SoSci Survey
Translations of this page:

Additional Variables in the Data Set

There are additional variables before (left) and after (right) of your question's variables. This chapter will shortly describe their meanings.

Note: Some variables must explicitly be enabled before starting the download.

Note: For privacy reasons, recording data from the user's browser (browser, referer, IP address, etc.) needs to be to activated before collecting data.

Interview Identification

  • CASE Unique number for the interview. These numbers are provided in in order of interview beginnings (also see PHP function caseNumber()).
    Note: A new number is provided each time someone retrieves the survey. If the person does not click next or immediately retrieves the survey another time, this results in a void data case. By default such data cases are deleted. Further, numbers are provided when testing the questionnaire. Therefore case numbers may not start with one (1) and may not be consecutive (e.g., 123, 125, 130, 131, 132, …).
    Note:​ Testing the questionnaire during development also creates case numbers. Therefore, the CASE Will usually not start with 1. To ensure unique case numbers within a survey, the counter cannot be reset. Actually, this would not have any advantages for analysis, anyway.
  • SERIAL If the survey was started using a personalized link (authentification code), the participant's code is enlisted here (also see PHP function caseSerial()).
  • REF If the questionnaire link contained a reference (The Questionnaire's URL), the reference's text will be stored there (also see PHP function reference()).
  • QUESTNNR The ID of the questionnaire handled. This ID is set when assembling the questionnaire. A value “del:<number>” means that the questionnaires used to collect the data has been deleted.
  • MODE Tells something about how the interview was started:
    • “interview” means that someone visited the survey URL
    • “pretest” flags cases from the pretest (with question IDs visible and feedback option)
    • “orgtest” flags cases from the pretest using the final layout
    • “admin” means that the survey has been started by the project administrator as preview (Starten)
    • “debug” flags cases started by the project administrator in debug mode (Im Debug-Modus starten)
  • LANGUAGE Language of the interview. This variable is included in multi-language surveys or if the option Download variables which have not been used in the questionnaire was selected. Should the interview language change during the interview, this is the language used at last.
  • STARTED Time when the participant started the interview.

Interview Progress

These variables are placed at the data set's end.

  • LASTDATA Time when the participant most recently clicked the “next” button and, thereby, updated the data case. The interval between STARTED and LASTDATA may deviate from the sum of handling times as it fully comprises the webserver processing times.
  • FINISHED Did the participant reach the goodbye page (1) or not (0).
  • LASTPAGE The page most recently answered (and sent via Next) by the participant.
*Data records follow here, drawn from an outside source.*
(* Let $L$ be a real Galois extension of $\mathbb{Q}$ with Galois group isomorphic to $\mathbb{Z}/2\mathbb{Z}\times\mathbb{Z}/2\mathbb{Z}$, let $u_1,u_2,u_3>1$ be the fundamental units of its three quadratic subfields, ordered so that $u_1<u_2<u_3$, and let $E=\{u_1^{m_1}u_2^{m_2}u_3^{m_3}:m_i\in\mathbb{Z}\}$. Put $X_1=\log u_2\log u_3$, $X_2=\log u_1\log u_3$, $X_3=\log u_1\log u_2$. For integers $n_1,n_2,n_3$ let $w=n_1\operatorname{LOG}(u_2)\wedge\operatorname{LOG}(u_3)+n_2\operatorname{LOG}(u_1)\wedge\operatorname{LOG}(u_3)+n_3\operatorname{LOG}(u_1)\wedge\operatorname{LOG}(u_2)$. Then $$\|w\|_1=4\big(\max\{|n_2X_2|,|n_3X_3|\}+\max\{|n_1X_1|,|n_2X_2|\}+\max\{|n_1X_1|,|n_3X_3|\}\big)\ge 8\max\{|n_1X_1|,|n_2X_2|,|n_3X_3|\},$$ and consequently every nonzero $w\in\bigwedge^2\operatorname{LOG}(E)$ satisfies $\|w\|_1\ge 8\log(u_1)\log(u_2)$.
   Context: For a totally real number field $L$, $\operatorname{LOG}:\mathcal{O}_L^*\to\mathbb{R}^{\mathcal{A}_L}$, $\operatorname{LOG}(\gamma)=(\log|\tau(\gamma)|)_\tau$, indexed by the real embeddings $\tau$ of $L$. With the standard orthonormal basis $\{\delta^v\}$ of $\mathbb{R}^{\mathcal{A}_L}$ and $\delta^I=\delta^{v_1}\wedge\cdots\wedge\delta^{v_j}$ for $j$-subsets $I$, the 1-norm of $w=\sum_I c_I\delta^I\in\bigwedge^j\mathbb{R}^{\mathcal{A}_L}$ is $\|w\|_1=\sum_I|c_I|$. For a subgroup $H\subseteq\mathcal{O}_L^*$, $\bigwedge^2\operatorname{LOG}(H)$ is the subgroup generated by all $\operatorname{LOG}(a)\wedge\operatorname{LOG}(b)$ with $a,b\in H$. *)

theory Defs
  imports Complex_Main "HOL-Computational_Algebra.Polynomial" "HOL-Algebra.Elementary_Groups"
begin

definition real_subfield :: "real set \<Rightarrow> bool" where
  "real_subfield K \<longleftrightarrow> 0 \<in> K \<and> 1 \<in> K \<and>
     (\<forall>x\<in>K. \<forall>y\<in>K. x + y \<in> K \<and> x * y \<in> K) \<and>
     (\<forall>x\<in>K. - x \<in> K \<and> inverse x \<in> K)"

definition field_auts :: "real set \<Rightarrow> (real \<Rightarrow> real) set" where
  "field_auts L = {\<sigma>. bij_betw \<sigma> L L \<and> (\<forall>x. x \<notin> L \<longrightarrow> \<sigma> x = 0) \<and> \<sigma> 1 = 1 \<and>
     (\<forall>x\<in>L. \<forall>y\<in>L. \<sigma> (x + y) = \<sigma> x + \<sigma> y \<and> \<sigma> (x * y) = \<sigma> x * \<sigma> y)}"

text \<open>The automorphism group Aut(L) (= Aut(L/Q), since every automorphism fixes Q).\<close>
definition aut_group :: "real set \<Rightarrow> (real \<Rightarrow> real) monoid" where
  "aut_group L = \<lparr>carrier = field_auts L, mult = (\<lambda>\<sigma> \<tau> x. if x \<in> L then \<sigma> (\<tau> x) else 0),
                  one = (\<lambda>x. if x \<in> L then x else 0)\<rparr>"

definition galois_over_Q :: "real set \<Rightarrow> bool" where
  "galois_over_Q L \<longleftrightarrow> {x \<in> L. \<forall>\<sigma>\<in>field_auts L. \<sigma> x = x} = \<rat>"

definition real_embeddings :: "real set \<Rightarrow> (real \<Rightarrow> real) set" where
  "real_embeddings L = {\<tau>. (\<forall>x. x \<notin> L \<longrightarrow> \<tau> x = 0) \<and> \<tau> 1 = 1 \<and>
     (\<forall>x\<in>L. \<forall>y\<in>L. \<tau> (x + y) = \<tau> x + \<tau> y \<and> \<tau> (x * y) = \<tau> x * \<tau> y)}"

text \<open>Quadratic subfield: subfield of L of degree 2 over Q, i.e. with a Q-basis {1, alpha}.\<close>
definition quadratic_subfield :: "real set \<Rightarrow> real set \<Rightarrow> bool" where
  "quadratic_subfield L K \<longleftrightarrow> real_subfield K \<and> K \<subseteq> L \<and>
     (\<exists>\<alpha>\<in>K. \<forall>x\<in>K. \<exists>!pq. fst pq \<in> \<rat> \<and> snd pq \<in> \<rat> \<and> x = fst pq + snd pq * \<alpha>)"

definition algebraic_integer :: "real \<Rightarrow> bool" where
  "algebraic_integer x \<longleftrightarrow> (\<exists>p :: int poly. lead_coeff p = 1 \<and> poly (map_poly of_int p) x = 0)"

definition int_units :: "real set \<Rightarrow> real set" where
  "int_units K = {x \<in> K. x \<noteq> 0 \<and> algebraic_integer x \<and> algebraic_integer (inverse x)}"

definition fundamental_unit :: "real set \<Rightarrow> real \<Rightarrow> bool" where
  "fundamental_unit K u \<longleftrightarrow> u \<in> int_units K \<and> u > 1 \<and>
     (\<forall>v\<in>int_units K. \<exists>s::real. \<exists>m::int. (s = 1 \<or> s = -1) \<and> v = s * u powi m)"

definition LOG :: "real set \<Rightarrow> real \<Rightarrow> (real \<Rightarrow> real) \<Rightarrow> real" where
  "LOG L \<gamma> = (\<lambda>\<tau>. if \<tau> \<in> real_embeddings L then ln \<bar>\<tau> \<gamma>\<bar> else 0)"

text \<open>Bivectors in wedge^2 R^A are represented by their antisymmetric coefficient
  function B, with c_{v,w} = B v w the coefficient of delta^v wedge delta^w.\<close>
definition wedge :: "('a \<Rightarrow> real) \<Rightarrow> ('a \<Rightarrow> real) \<Rightarrow> 'a \<Rightarrow> 'a \<Rightarrow> real" where
  "wedge x y = (\<lambda>v w. x v * y w - x w * y v)"

text \<open>1-norm: sum over 2-subsets {v,w} of |c_{v,w}|, i.e. half the sum over ordered pairs
  (the diagonal coefficients vanish).\<close>
definition norm1 :: "'a set \<Rightarrow> ('a \<Rightarrow> 'a \<Rightarrow> real) \<Rightarrow> real" where
  "norm1 A B = (\<Sum>I\<in>{I. I \<subseteq> A \<and> card I = 2}. \<bar>B (SOME v. v \<in> I) (SOME w. w \<in> I \<and> w \<noteq> (SOME v. v \<in> I))\<bar>)"

definition wedge2_LOG :: "real set \<Rightarrow> real set \<Rightarrow> ((real \<Rightarrow> real) \<Rightarrow> (real \<Rightarrow> real) \<Rightarrow> real) set" where
  "wedge2_LOG L H = {(\<lambda>v w. \<Sum>i<n. of_int (k i) * wedge (LOG L (a i)) (LOG L (b i)) v w)
      | (n::nat) k a b. \<forall>i<n. a i \<in> H \<and> b i \<in> H}"

end

theory Submission
  imports Defs
begin

(* Each quadratic subfield is Q(d_i) with d_i^2 rational, so every real embedding of L sends
   d_i to +d_i or -d_i. The numbers d_1, d_2, d_3 and their pairwise products are irrational with
   rational squares, hence have trace zero; this forces the three nontrivial automorphisms to act
   on (d_1, d_2, d_3) by the signs (+,-,-), (-,+,-), (-,-,+). Then d_1 d_2 d_3 is rational and the
   trace gives L = Q + Q d_1 + Q d_2 + Q d_3, so the four automorphisms are all real embeddings.
   An embedding negating d_i sends the fundamental unit u_i to a conjugate of absolute value 1/u_i
   (otherwise u_i^2 would be rational), so LOG(u_1), LOG(u_2), LOG(u_3) carry the same sign
   patterns with entries log u_i. The six coordinates of w are then 2(+-a +- b) for the pairs among
   a = n_1 X_1, b = n_2 X_2, c = n_3 X_3, and |a + b| + |a - b| = 2 max(|a|, |b|) gives the norm.
   Every element of the wedge square of LOG(E) is such a w with integer n_i, and
   X_1, X_2 >= X_3 = log u_1 log u_2 gives the lower bound. *)

section \<open>Subfields and real embeddings\<close>

context
  fixes K :: "real set"
  assumes K: "real_subfield K"
begin

lemma real_subfield_zero: "0 \<in> K"
  and real_subfield_one: "1 \<in> K"
  and real_subfield_add: "x \<in> K \<Longrightarrow> y \<in> K \<Longrightarrow> x + y \<in> K"
  and real_subfield_mult: "x \<in> K \<Longrightarrow> y \<in> K \<Longrightarrow> x * y \<in> K"
  and real_subfield_uminus: "x \<in> K \<Longrightarrow> - x \<in> K"
  and real_subfield_inverse: "x \<in> K \<Longrightarrow> inverse x \<in> K"
  using K by (auto simp: real_subfield_def)

lemma real_subfield_divide: "x \<in> K \<Longrightarrow> y \<in> K \<Longrightarrow> x / y \<in> K"
  using real_subfield_mult[of x "inverse y"] real_subfield_inverse[of y] by (simp add: divide_inverse)

lemma real_subfield_of_nat: "real n \<in> K"
  by (induction n) (auto intro: real_subfield_add real_subfield_zero real_subfield_one)

lemma real_subfield_of_int: "real_of_int n \<in> K"
  using real_subfield_of_nat[of "nat n"] real_subfield_uminus[OF real_subfield_of_nat[of "nat (- n)"]]
  by (cases "n \<ge> 0") auto

lemma Rats_subset_real_subfield: "\<rat> \<subseteq> K"
  by (auto elim!: Rats_cases' intro: real_subfield_divide real_subfield_of_int)

lemma real_subfield_power: "x \<in> K \<Longrightarrow> x ^ n \<in> K"
  by (induction n) (auto intro: real_subfield_mult real_subfield_one)

lemma real_subfield_powi: "x \<in> K \<Longrightarrow> x powi m \<in> K"
  by (simp add: power_int_def real_subfield_power real_subfield_inverse)

lemma real_subfield_sum: "(\<And>i. i \<in> S \<Longrightarrow> f i \<in> K) \<Longrightarrow> sum f S \<in> K"
  by (induction S rule: infinite_finite_induct) (auto intro: real_subfield_add real_subfield_zero)

end

lemma real_embedding_add: "\<tau> \<in> real_embeddings L \<Longrightarrow> x \<in> L \<Longrightarrow> y \<in> L \<Longrightarrow> \<tau> (x + y) = \<tau> x + \<tau> y"
  and real_embedding_mult: "\<tau> \<in> real_embeddings L \<Longrightarrow> x \<in> L \<Longrightarrow> y \<in> L \<Longrightarrow> \<tau> (x * y) = \<tau> x * \<tau> y"
  and real_embedding_one: "\<tau> \<in> real_embeddings L \<Longrightarrow> \<tau> 1 = 1"
  and real_embedding_outside: "\<tau> \<in> real_embeddings L \<Longrightarrow> x \<notin> L \<Longrightarrow> \<tau> x = 0"
  by (auto simp: real_embeddings_def)

context
  fixes L :: "real set" and \<tau> :: "real \<Rightarrow> real"
  assumes L: "real_subfield L" and \<tau>: "\<tau> \<in> real_embeddings L"
begin

lemma real_embedding_zero: "\<tau> 0 = 0"
  using real_embedding_add[OF \<tau> real_subfield_zero[OF L] real_subfield_zero[OF L]] by simp

lemma real_embedding_uminus: "x \<in> L \<Longrightarrow> \<tau> (- x) = - \<tau> x"
  using real_embedding_add[OF \<tau>, of x "- x"] real_subfield_uminus[OF L, of x] real_embedding_zero
  by simp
The number is equivalent to the page number in the questionnaire (Questionnaire Assembling).
  • MAXPAGE The greatest page answered by the participant. This number is usually identical to LASTPAGE but wont be reduced (a) if the participant uses the back button (e.g., to check the welcome page for contact details after doing the questionnaire) and (b) if the questionnaire uses backlinks via goToPage().
  • MAXPAGE The last page in the questionnaire that the participant reached (at any time of the interview). This is not necessarily the page that the participant handled at last, especially if the back button has been used.
  • MISSING The percentage of answers omitted by the participant (0 to 100). Only such questions and items are counted that have been shown to the participant – therefore someone dropping out early may have answered all questions (to this page, 0% missing). This variable is useful to identify participants that just viewed the questionnaired.
    • Please note that no click in a checkbox question (multiple selection) is a valid answer. Therefore even void cases may not reach 100%.
    • “Don't know” options are counted as valid answers as well.
    • When using text inputs, an invalid answer is counted, if the respondent types nothign (or spaces, only). Please remember this, when optionally asking for texts (e.g., when the respondent may leave the text field empty instead of writing a zero).
    • When using Free text inputs within a selection (single or multiple choice selection), a option's void text input (e.g., “Other: ___”) is only counted as invalid data, if the appropriate option in the selection was selected.
  • MISSREL Percentage of missing answers weighted by the other participants answering behavior. Questions that are rarely answered (e.g., voluntary text questions) are mostly irrelevant for this value, questions that most participants have answered weight worse. The linear weighting factor for a question/item is the number of answers given to this question/item divided by how often the question/item has been asked.
    Note: This value may vary, depeding on the subset of data retreived.

Dwell Times

The handling times for each page are available if the option Download the time spent per page has been selected in variable selection.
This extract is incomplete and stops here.